Action item:
The answer must be every line of the records below that holds the word "exists".

————

lemma D_diffquot_along_args:
  fixes \<gamma> :: "real \<Rightarrow> 'w" and c :: "real \<Rightarrow> 'w list"
  assumes "i \<le> k" "t \<in> I" and \<gamma>U: "\<And>s. s \<in> I \<Longrightarrow> \<gamma> s \<in> U" and \<gamma>: "(\<gamma> \<longlongrightarrow> \<gamma> t) (at t within I)"
    and len: "\<And>s. length (c s) = i" "length c' = i"
    and c: "\<And>l. l < i \<Longrightarrow> ((\<lambda>s. c s ! l) \<longlongrightarrow> c t ! l) (at t within I)"
    and c': "\<And>l. l < i \<Longrightarrow> ((\<lambda>s. (1 / (s - t)) *\<^sub>R (c s ! l - c t ! l)) \<longlongrightarrow> c' ! l) (at t within I)"
  shows "((\<lambda>s. (1 / (s - t)) *\<^sub>R (D i (\<gamma> s) (c s) - D i (\<gamma> s) (c t))) \<longlongrightarrow>
      (\<Sum>l<i. D i (\<gamma> t) ((c t)[l := c' ! l]))) (at t within I)"
proof -
  let ?F = "at t within I"
  define T where "T l s = (take l (c t) @ drop l (c s))[l := (1 / (s - t)) *\<^sub>R (c s ! l - c t ! l)]"
    for l s
  have T: "((\<lambda>s. D i (\<gamma> s) (T l s)) \<longlongrightarrow> D i (\<gamma> t) ((c t)[l := c' ! l])) ?F" if "l < i" for l
  proof (rule cont_multi_tendsto[where U = U])
    show "cont_multi U i (D i)" using continuous \<open>i \<le> k\<close> by simp
    show "eventually (\<lambda>s. \<gamma> s \<in> U) ?F" by (auto simp: eventually_at_filter \<gamma>U)
    show "((\<lambda>s. T l s ! m) \<longlongrightarrow> (c t)[l := c' ! l] ! m) ?F" if "m < i" for m
    proof -
      have "T l s ! m = (if m = l then (1 / (s - t)) *\<^sub>R (c s ! l - c t ! l)
          else if m < l then c t ! m else c s ! m)" for s
        unfolding T_def using nth_take_drop_update[of l "c s" "c t" m] len \<open>l < i\<close> that by simp
      then show ?thesis
        using c c' \<open>l < i\<close> that len by (cases "m < l") (auto simp: nth_list_update)
    qed
  qed (use \<gamma>U \<open>t \<in> I\<close> \<gamma> len \<open>l < i\<close> in \<open>simp_all add: T_def\<close>)
  have lim: "((\<lambda>s. \<Sum>l<i. D i (\<gamma> s) (T l s)) \<longlongrightarrow> (\<Sum>l<i. D i (\<gamma> t) ((c t)[l := c' ! l]))) ?F"
    by (rule tvs_tendsto_sum[OF tvs_codomain]) (use T in auto)
  have eq: "(\<Sum>l<i. D i (\<gamma> s) (T l s)) = (1 / (s - t)) *\<^sub>R (D i (\<gamma> s) (c s) - D i (\<gamma> s) (c t))"
    if "s \<in> I" for s
  proof -
    have lin: "multilinear_list (D i (\<gamma> s)) i" by (rule multilinear_D[OF \<open>i \<le> k\<close> \<gamma>U[OF that]])
    have "D i (\<gamma> s) (T l s) = (1 / (s - t)) *\<^sub>R D i (\<gamma> s) ((take l (c t) @ drop l (c s))[l := c s ! l - c t ! l])"
      if "l < i" for l
      using multilinear_listD(2)[OF lin that] len unfolding T_def by simp
    then show ?thesis
      using multilinear_list_diff_telescope[OF lin len(1,1)] by (simp add: scaleR_sum_right)
  qed
  show ?thesis
    by (rule Lim_transform_eventually[OF lim]) (use eq in \<open>auto simp: eventually_at_filter\<close>)
qed
lemma xlnx_le_min:
  fixes N x :: real
  assumes N: "1 \<le> N" and x: "0 \<le> x" "x \<le> 1"
  shows "x * ln x \<le> x - ln N * min x (1 / N)"
proof (cases "x \<le> 1 / N")
  case True
  have "x * ln x \<le> x - x * ln N"
  proof (cases "x = 0")
    case False
    then have "ln x + ln N = ln (x * N)" and "x * N \<le> 1"
      using x N True by (simp_all add: ln_mult field_simps)
    then have "ln x + ln N \<le> 0"
      using x N False by simp
    then have "x * (ln x + ln N) \<le> 0"
      using x by (simp add: mult_nonneg_nonpos)
    then show ?thesis
      using x by (simp add: distrib_left)
  qed simp
  then show ?thesis using True by (simp add: mult.commute)
next
  case False
  then have "1 < N * x"
    using N by (simp add: field_simps)
  then have "0 < x"
    using x by (cases "x = 0") auto
  then have ln_x: "ln x = ln (N * x) - ln N"
    using N by (simp add: ln_mult)
  have "(x - 1 / N) * ln (N * x) \<le> (x - 1 / N) * ln N"
    using False \<open>0 < x\<close> x(2) N by (intro mult_left_mono) (auto simp: mult_left_le)
  then have "x * ln x + ln N / N \<le> ln (N * x) / N"
    unfolding ln_x by (simp add: algebra_simps)
  also have "\<dots> \<le> (N * x - 1) / N"
    using \<open>1 < N * x\<close> N by (intro divide_right_mono ln_le_minus_one) auto
  also have "\<dots> \<le> x"
    using N by (simp add: field_simps)
  finally show ?thesis using False by simp
qed

lemma sum_xlnx_le_l1_dist_uniform:
  assumes w: "prob_vec n w" and "0 < n"
  shows "(\<Sum>i<n. w i * ln (w i)) \<le> 1 - ln n + ln n * (\<Sum>i<n. \<bar>w i - 1 / n\<bar>) / 2"
proof -
  have min_eq: "min a b = (a + b - \<bar>a - b\<bar>) / 2" for a b :: real
    by (simp add: min_def)
  have "(\<Sum>i<n. w i * ln (w i)) \<le> (\<Sum>i<n. w i - ln n * min (w i) (1 / n))"
    using w \<open>0 < n\<close> prob_vec_le_1[OF w]
    by (intro sum_mono xlnx_le_min) (auto simp: prob_vec_def)
  also have "\<dots> = 1 - ln n * (2 - (\<Sum>i<n. \<bar>w i - 1 / n\<bar>)) / 2"
    using w \<open>0 < n\<close>
    by (simp add: min_eq sum_subtractf sum.distrib sum_distrib_left[symmetric]
        sum_divide_distrib[symmetric] prob_vec_def)
  also have "\<dots> = 1 - ln n + ln n * (\<Sum>i<n. \<bar>w i - 1 / n\<bar>) / 2"
    by (simp add: field_simps)
  finally show ?thesis .
qed

lemma potential_ge_l1_dev:
  assumes w: "prob_vec n w" and v0: "prob_vec n v0" and "0 < n"
    and k: "k < n" "\<forall>i<n. \<beta> k \<le> \<beta> i"
  shows "\<beta> k - 1 + ln n * (1 - l1_dev n v0 w / 2) \<le> potential n \<beta> w"
proof -
  have "\<beta> k = \<beta> k * (\<Sum>i<n. w i)"
    using w by (simp add: prob_vec_def)
  also have "\<dots> = (\<Sum>i<n. \<beta> k * w i)"
    by (rule sum_distrib_left)
  also have "\<dots> \<le> (\<Sum>i<n. \<beta> i * w i)"
    using w k by (intro sum_mono mult_right_mono) (auto simp: prob_vec_def)
  finally have "\<beta> k \<le> (\<Sum>i<n. \<beta> i * w i)" .
  moreover have "potential n \<beta> w = (\<Sum>i<n. \<beta> i * w i) - (\<Sum>i<n. w i * ln (w i))"
    by (simp add: potential_def sum_subtractf)
  moreover have "mean_val n v0 = 1 / n"
    using v0 by (simp add: mean_val_def prob_vec_def)
  then have "l1_dev n v0 w = (\<Sum>i<n. \<bar>w i - 1 / n\<bar>)"
    by (simp add: l1_dev_def)
  moreover have "ln n * (1 - S / 2) = ln n - ln n * S / 2" for S :: real
    by (simp add: algebra_simps)
  ultimately show ?thesis
    using sum_xlnx_le_l1_dist_uniform[OF w \<open>0 < n\<close>] by (simp only:)
qed

lemma expected_l1_dev_lower_bound:
  assumes G: "simple_graph n E" and "E \<noteq> {}" and "0 < n"
    and K: "\<forall>x<n. ln 2 * real (degree E x) - laplacian_mult n E \<beta> x / 2 \<le> K"
    and k: "k < n" "\<forall>i<n. \<beta> k \<le> \<beta> i"
  shows "ln n * (1 - expected_l1_dev n E (basis_vec k) t / 2) \<le> 1 + real t * K / real (card E)"
proof -
  let ?v0 = "basis_vec k"
  let ?M = "real (card E) ^ t"
  define D where "D = expected_l1_dev n E ?v0 t"
  have "0 < card E"
    using assms simple_graph_finite[OF G] by (simp add: card_gt_0_iff)
  then have "0 < ?M" by simp
  have card_seqs: "card (edge_seqs E t) = card E ^ t"
    by (rule card_lists_length_eq[OF simple_graph_finite[OF G]])
  have v0: "prob_vec n ?v0"
    using k(1) by (rule prob_vec_basis_vec)
  have "potential n \<beta> ?v0 = (\<Sum>i<n. if i = k then \<beta> k else 0)"
    unfolding potential_def basis_vec_def by (rule sum.cong) auto
  then have "potential n \<beta> ?v0 = \<beta> k"
    using k by simp
  have "?M * (\<beta> k - 1 + ln n * (1 - D / 2))
      = (\<Sum>es\<in>edge_seqs E t. \<beta> k - 1 + ln n * (1 - l1_dev n ?v0 (run_avg ?v0 es) / 2))"
    using \<open>0 < card E\<close> unfolding D_def expected_l1_dev_def
    by (simp add: card_seqs sum.distrib sum_subtractf sum_distrib_left[symmetric]
        sum_divide_distrib[symmetric] algebra_simps)
  also have "\<dots> \<le> (\<Sum>es\<in>edge_seqs E t. potential n \<beta> (run_avg ?v0 es))"
    using prob_vec_run_avg[OF G v0] potential_ge_l1_dev[OF _ v0 \<open>0 < n\<close> k]
    by (intro sum_mono) auto
  also have "\<dots> \<le> ?M * (\<beta> k + real t * K / real (card E))"
    using sum_potential_run_avg_le[OF G \<open>E \<noteq> {}\<close> K v0] \<open>potential n \<beta> ?v0 = \<beta> k\<close> by simp
  finally have "\<beta> k - 1 + ln n * (1 - D / 2) \<le> \<beta> k + real t * K / real (card E)"
    using \<open>0 < ?M\<close> by simp
  then show ?thesis unfolding D_def by simp
qed

lemma expected_l1_dev_ge_before_mixing:
  assumes G: "simple_graph n E" and "E \<noteq> {}" and n: "2 \<le> n"
    and bound: "\<forall>i<n. real (degree E i) \<le> laplacian_mult n E \<beta> i / (2 * ln 2) + C * avg_degree n E / ln 2"
    and k: "k < n" "\<forall>i<n. \<beta> k \<le> \<beta> i"
    and t: "real t \<le> (1 - \<epsilon>) * real n * ln (real n) / (2 * C) - 1 / (2 * C) * real n"
  shows "2 * \<epsilon> \<le> expected_l1_dev n E (basis_vec k) t"
proof -
  let ?m = "real (card E)" and ?N = "real n"
  have "0 < ?m"
    using assms simple_graph_finite[OF G] by (simp add: card_gt_0_iff)
  have "0 < C"
    using ln2_le_of_degree_bound[OF G \<open>E \<noteq> {}\<close> bound] ln_gt_zero[of 2] by linarith
  have "0 < ln ?N"
    using n by simp
  have "\<forall>x<n. ln 2 * real (degree E x) - laplacian_mult n E \<beta> x / 2 \<le> C * avg_degree n E"
    using bound by (auto simp: field_simps)
  from expected_l1_dev_lower_bound[OF G \<open>E \<noteq> {}\<close> _ this k, where t = t]
  have "ln ?N * (1 - expected_l1_dev n E (basis_vec k) t / 2) \<le> 1 + 2 * C * real t / ?N"
    using n \<open>0 < ?m\<close> by (simp add: avg_degree_def sum_degree_eq_twice_card[OF G] mult_ac)
  also have "\<dots> \<le> ln ?N * (1 - \<epsilon>)"
  proof -
    have "(1 - \<epsilon>) * ?N * ln ?N / (2 * C) - 1 / (2 * C) * ?N = ((1 - \<epsilon>) * ln ?N - 1) * ?N / (2 * C)"
      by (simp add: diff_divide_distrib add_divide_distrib algebra_simps)
    with t have "2 * C * real t \<le> ((1 - \<epsilon>) * ln ?N - 1) * ?N"
      using \<open>0 < C\<close> by (simp add: pos_le_divide_eq mult_ac)
    then show ?thesis
      using n by (simp add: field_simps)
  qed
  finally show ?thesis
    using \<open>0 < ln ?N\<close> by (simp add: mult_le_cancel_left_pos)
qed

theorem theorem5:
  fixes C :: real
  shows "\<exists>cC :: real. \<forall>(n::nat) (E::nat set set) (\<beta>::nat \<Rightarrow> real).
     simple_graph n E \<and> graph_connected n E \<and> 2 \<le> n \<and>
     (\<forall>i<n. real (degree E i) \<le> laplacian_mult n E \<beta> i / (2 * ln 2) + C * avg_degree n E / ln 2)
     \<longrightarrow> (\<exists>k<n. \<forall>(\<epsilon>::real) (t::nat). \<epsilon> < 1 \<and>
            real t \<le> (1 - \<epsilon>) * real n * ln (real n) / (2 * C) - cC * real n
            \<longrightarrow> \<epsilon> \<le> expected_l1_dev n E (basis_vec k) t)"
proof (intro exI[of _ "1 / (2 * C)"] allI impI)
  fix n E and \<beta> :: "nat \<Rightarrow> real"
  assume "simple_graph n E \<and> graph_connected n E \<and> 2 \<le> n \<and>
     (\<forall>i<n. real (degree E i) \<le> laplacian_mult n E \<beta> i / (2 * ln 2) + C * avg_degree n E / ln 2)"
  then have G: "simple_graph n E" and "E \<noteq> {}" and n: "2 \<le> n"
    and bound: "\<forall>i<n. real (degree E i) \<le> laplacian_mult n E \<beta> i / (2 * ln 2) + C * avg_degree n E / ln 2"
    using graph_connected_edges_nonempty by auto
  obtain k where "is_arg_min \<beta> (\<lambda>i. i \<in> {..<n}) k"
    using ex_is_arg_min_if_finite[of "{..<n}" \<beta>] n by (auto simp: lessThan_empty_iff)
  then have k: "k < n" "\<forall>i<n. \<beta> k \<le> \<beta> i"
    by (auto simp: is_arg_min_linorder)
  show "\<exists>k<n. \<forall>\<epsilon> t. \<epsilon> < 1 \<and>
      real t \<le> (1 - \<epsilon>) * real n * ln (real n) / (2 * C) - 1 / (2 * C) * real n
      \<longrightarrow> \<epsilon> \<le> expected_l1_dev n E (basis_vec k) t"
  proof (intro exI[of _ k] conjI allI impI)
    fix \<epsilon> t
    assume "\<epsilon> < 1 \<and> real t \<le> (1 - \<epsilon>) * real n * ln (real n) / (2 * C) - 1 / (2 * C) * real n"
    then have "2 * \<epsilon> \<le> expected_l1_dev n E (basis_vec k) t"
      using expected_l1_dev_ge_before_mixing[OF G \<open>E \<noteq> {}\<close> n bound k] by blast
    moreover have "0 \<le> expected_l1_dev n E (basis_vec k) t"
      unfolding expected_l1_dev_def l1_dev_def by (intro divide_nonneg_nonneg sum_nonneg) auto
    ultimately show "\<epsilon> \<le> expected_l1_dev n E (basis_vec k) t"
      by linarith
  qed (rule k(1))
qed

end
(* Write z = (x,t) with t < 0 and w = (y,tau) with tau > 0, and put D = 1 + 4 t tau. The heat
   kernels F(A^-1 z - w) and F(z - A w) have time arguments -D/(4t) and D/(4tau), so they vanish
   together; when D > 0 the Gaussian exponents of the two normalised kernels coincide after
   expanding the squares, and so do the prefactors, because (s - tau)/s = D for s = -1/(4t).
   Hence pushing a measure on K forward along A turns the h-potential into the h~-potential,
   preserves the mass of K, and maps admissible measures to admissible measures, with A^-1
   pushing them back. Capacities and capacitary measures therefore correspond. *)

lemma appell_inv_appell: "snd p \<noteq> 0 \<Longrightarrow> appell_inv (appell p) = p"
  by (cases p) (simp add: appell_def appell_inv_def field_simps)

lemma appell_appell_inv: "snd p \<noteq> 0 \<Longrightarrow> appell (appell_inv p) = p"
  by (cases p) (simp add: appell_def appell_inv_def field_simps)

lemma appell_in_lower: "p \<in> upper \<Longrightarrow> appell p \<in> lower"
  by (cases p) (simp add: appell_def upper_def lower_def divide_neg_pos)

lemma appell_inv_in_upper: "p \<in> lower \<Longrightarrow> appell_inv p \<in> upper"
  by (cases p) (simp add: appell_inv_def upper_def lower_def divide_neg_neg)

lemma appell_image_subset_lower: "K \<subseteq> upper \<Longrightarrow> appell ` K \<subseteq> lower"
  using appell_in_lower by blast

lemma appell_inv_image_subset_upper: "K \<subseteq> lower \<Longrightarrow> appell_inv ` K \<subseteq> upper"
  using appell_inv_in_upper by blast

lemma appell_inv_image_appell: "K \<subseteq> upper \<Longrightarrow> appell_inv ` appell ` K = K"
  by (force simp: image_image upper_def appell_inv_appell)
lemma sorted_wrt_ge_map_upt:
  "(\<And>i i'. i \<le> i' \<Longrightarrow> f i' \<le> (f i :: nat)) \<Longrightarrow> sorted_wrt (\<ge>) (map f [0..<M])"
  by (auto simp: sorted_wrt_iff_nth_less)

lemma filter_pos_eq_takeWhile:
  "sorted_wrt (\<ge>) (xs :: nat list) \<Longrightarrow> filter (\<lambda>x. 0 < x) xs = takeWhile (\<lambda>x. 0 < x) xs"
  by (induction xs) (auto simp: filter_empty_conv)

lemma part_filter_pos:
  assumes "sorted_wrt (\<ge>) (xs :: nat list)"
  shows "part (filter (\<lambda>x. 0 < x) xs) i = part xs i"
proof -
  let ?t = "takeWhile (\<lambda>x. 0 < x) xs"
  show ?thesis
  proof (cases "i < length ?t")
    case True
    then show ?thesis
      using takeWhile_nth[OF True] less_le_trans[OF True length_takeWhile_le]
      by (simp add: filter_pos_eq_takeWhile[OF assms] Defs.part_def)
  next
    case outside: False
    show ?thesis
    proof (cases "i < length xs")
      case True
      have lt: "length ?t < length xs" using outside True by linarith
      have "xs ! i \<le> xs ! length ?t"
        using outside True assms by (cases "length ?t = i") (auto simp: sorted_wrt_iff_nth_less)
      then show ?thesis using nth_length_takeWhile[OF lt] outside True
        by (simp add: filter_pos_eq_takeWhile[OF assms] Defs.part_def)
    qed (use outside in \<open>auto simp: filter_pos_eq_takeWhile[OF assms] Defs.part_def\<close>)
  qed
qed

lemma is_partition_filter_pos:
  "sorted_wrt (\<ge>) (xs :: nat list) \<Longrightarrow> is_partition (filter (\<lambda>x. 0 < x) xs)"
  by (simp add: is_partition_def sorted_wrt_filter)

lemma ex_partition_with_parts:
  fixes f :: "nat \<Rightarrow> nat"
  assumes "\<And>i i'. i \<le> i' \<Longrightarrow> f i' \<le> f i" "\<And>i. M \<le> i \<Longrightarrow> f i = 0"
  shows "\<exists>alpha. is_partition alpha \<and> (\<forall>i. part alpha i = f i)"
proof (intro exI conjI allI)
  have sorted: "sorted_wrt (\<ge>) (map f [0..<M])" by (rule sorted_wrt_ge_map_upt[OF assms(1)])
  show "is_partition (filter (\<lambda>x. 0 < x) (map f [0..<M]))"
    by (rule is_partition_filter_pos[OF sorted])
  show "part (filter (\<lambda>x. 0 < x) (map f [0..<M])) i = f i" for i
    using assms(2)[of i] by (simp add: part_filter_pos[OF sorted] part_map_upt)
qed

————

Task response:
  shows "\<exists>cC :: real. \<forall>(n::nat) (E::nat set set) (\<beta>::nat \<Rightarrow> real).
     \<longrightarrow> (\<exists>k<n. \<forall>(\<epsilon>::real) (t::nat). \<epsilon> < 1 \<and>
  show "\<exists>k<n. \<forall>\<epsilon> t. \<epsilon> < 1 \<and>
  shows "\<exists>alpha. is_partition alpha \<and> (\<forall>i. part alpha i = f i)"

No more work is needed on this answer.